[Items from a data source]
************

lemma lovasz_by_parts:
  assumes "finite W" and "G {} = 0"
  obtains js where "desc_enum w W js"
    and "lovasz G W w = (\<Sum>k<length js. desc_gap w js k * G (set (take (Suc k) js)))"
proof -
  obtain js where "desc_enum w W js"
    and "lovasz G W w = (\<Sum>k<length js. w (js!k) * (G (set (take (Suc k) js)) - G (set (take k js))))"
    using lovasz_desc_enum[OF assms(1)] .
  moreover note sum_mult_diff_by_parts[of "\<lambda>k. G (set (take k js))" "\<lambda>k. w (js!k)" "length js"]
  ultimately show ?thesis using that assms(2) unfolding desc_gap_def by simp
qed

lemma sum_mult_le_lovasz:
  assumes "finite W" and "G {} = 0" and "\<forall>i\<in>W. w i \<ge> 0"
    and bound: "\<forall>A\<subseteq>W. (\<Sum>i\<in>A. t i) \<le> G A"
  shows "(\<Sum>i\<in>W. t i * w i) \<le> lovasz G W w"
proof -
  obtain js where js: "desc_enum w W js"
    and L: "lovasz G W w = (\<Sum>k<length js. desc_gap w js k * G (set (take (Suc k) js)))"
    using lovasz_by_parts[where G = G, OF assms(1,2)] .
  have "set (take k js) \<subseteq> W" for k
    using js set_take_subset unfolding desc_enum_def by metis
  then show ?thesis
    unfolding L sum_mult_desc_enum[OF js]
    using bound desc_gap_nonneg[OF js assms(3)] by (intro sum_mono mult_left_mono) auto
qed

text \<open>The last gap of the ordering is the smallest weight, hence positive, so the slack of the
  whole ground set must vanish.\<close>
lemma sum_eq_of_sum_mult_eq_lovasz:
  assumes "finite W" and "G {} = 0" and pos: "\<forall>i\<in>W. w i > 0"
    and bound: "\<forall>A\<subseteq>W. (\<Sum>i\<in>A. t i) \<le> G A"
    and eq: "(\<Sum>i\<in>W. t i * w i) = lovasz G W w"
  shows "(\<Sum>i\<in>W. t i) = G W"
proof (cases "W = {}")
  case True then show ?thesis using assms(2) by simp
next
  case False
  obtain js where js: "desc_enum w W js"
    and L: "lovasz G W w = (\<Sum>k<length js. desc_gap w js k * G (set (take (Suc k) js)))"
    using lovasz_by_parts[where G = G, OF assms(1,2)] .
  have W: "W = set js" using js unfolding desc_enum_def by auto
  define slack where "slack k = G (set (take (Suc k) js)) - (\<Sum>i\<in>set (take (Suc k) js). t i)" for k
  have nonneg: "desc_gap w js k * slack k \<ge> 0" if "k < length js" for k
  proof -
    have "set (take (Suc k) js) \<subseteq> W" unfolding W by (rule set_take_subset)
    then have "slack k \<ge> 0" using bound unfolding slack_def by simp
    moreover have "desc_gap w js k \<ge> 0" using desc_gap_nonneg[OF js] pos that by fastforce
    ultimately show ?thesis by simp
  qed
  have "(\<Sum>k<length js. desc_gap w js k * slack k) = 0"
    using eq unfolding L sum_mult_desc_enum[OF js] slack_def
    by (simp add: right_diff_distrib sum_subtractf)
  then have zero: "desc_gap w js k * slack k = 0" if "k < length js" for k
    using sum_nonneg_eq_0_iff[of "{..<length js}" "\<lambda>k. desc_gap w js k * slack k"] nonneg that
    by (simp del: mult_eq_0_iff)
  define k where "k = length js - 1"
  have k: "k < length js" "Suc k = length js" using False W unfolding k_def by auto
  then have "desc_gap w js k > 0" using pos W unfolding desc_gap_def by auto
  then have "slack k = 0" using zero[OF k(1)] by simp
  then show ?thesis using k W unfolding slack_def by simp
qed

************

:: DIRECTIONS ::
Where in the records does the word "assumes" appear? Copy each line that holds it.

:: EXERCISE RESULT ::
  assumes "finite W" and "G {} = 0"
  assumes "finite W" and "G {} = 0" and "\<forall>i\<in>W. w i \<ge> 0"
  assumes "finite W" and "G {} = 0" and pos: "\<forall>i\<in>W. w i > 0"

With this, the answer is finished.